Dataset items:
(* Let $\mathcal K\subseteq\mathbb R^d$ be closed and convex, $\alpha,\epsilon,L>0$, and let $\ell_1,\dots,\ell_T:\mathcal K\to\mathbb R$ be $(\alpha,\epsilon)$-nearly strongly convex with subgradients bounded in norm by $L$, revealed online together with scales $g_1,\dots,g_T\in[0,1]$ (each possibly chosen adaptively). Run online gradient descent: pick any $x_1\in\mathcal K$, and set $x_{t+1}=\Pi_{\mathcal K}\big(x_t-\eta_tg_t\nabla\ell_t(x_t)\big)$ with $\eta_t=R'(G_t)$, $G_t=\sum_{s\le t}g_s$, where $R'(z)=\frac2\alpha$ for $z\in[0,1]$, $R'(z)=\frac{2}{\alpha z}$ for $z\in\big[1,(\frac{\sqrt2L}{\alpha\epsilon})^2\big]$, and $R'(z)=\frac{\sqrt2\,\epsilon}{L\sqrt z}$ for $z\ge(\frac{\sqrt2L}{\alpha\epsilon})^2$. Then for every $x^*\in\mathcal K$, $$\sum_{t=1}^Tg_t\big(\ell_t(x_t)-\ell_t(x^* )\big)\le2\sqrt2\,\epsilon L\sqrt{G_T}+\frac{L^2}{\alpha}\big(\log(G_T+1)+1\big).$$
   Context: A continuous function $h$ on a convex set $\mathcal K$ is $(\alpha,\epsilon)$-nearly strongly convex if for all $x,y\in\mathcal K$ and every subgradient $\nabla h(x)$, $h(y)-h(x)-\nabla h(x)^\top(y-x)\ge\frac\alpha2\big(\|y-x\|-\epsilon\big)_+^2$, where $(z)_+=\max(z,0)$. $\Pi_{\mathcal K}$ is Euclidean projection onto $\mathcal K$; $\nabla\ell_t(x_t)$ is any subgradient. *)

theory Defs
  imports "HOL-Analysis.Analysis"
begin

definition subgradient_at :: "'a::euclidean_space set \<Rightarrow> ('a \<Rightarrow> real) \<Rightarrow> 'a \<Rightarrow> 'a \<Rightarrow> bool" where
  "subgradient_at K h x v \<longleftrightarrow> (\<forall>y\<in>K. h y \<ge> h x + v \<bullet> (y - x))"

definition nearly_strongly_convex :: "real \<Rightarrow> real \<Rightarrow> 'a::euclidean_space set \<Rightarrow> ('a \<Rightarrow> real) \<Rightarrow> bool" where
  "nearly_strongly_convex \<alpha> \<epsilon> K h \<longleftrightarrow> continuous_on K h \<and>
     (\<forall>x\<in>K. \<forall>y\<in>K. \<forall>v. subgradient_at K h x v \<longrightarrow>
        h y - h x - v \<bullet> (y - x) \<ge> \<alpha> / 2 * (max (norm (y - x) - \<epsilon>) 0)\<^sup>2)"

Problem description: What is needed here is one number: how many lines of the entries hold the string "longleftrightarrow".

Answer area: 2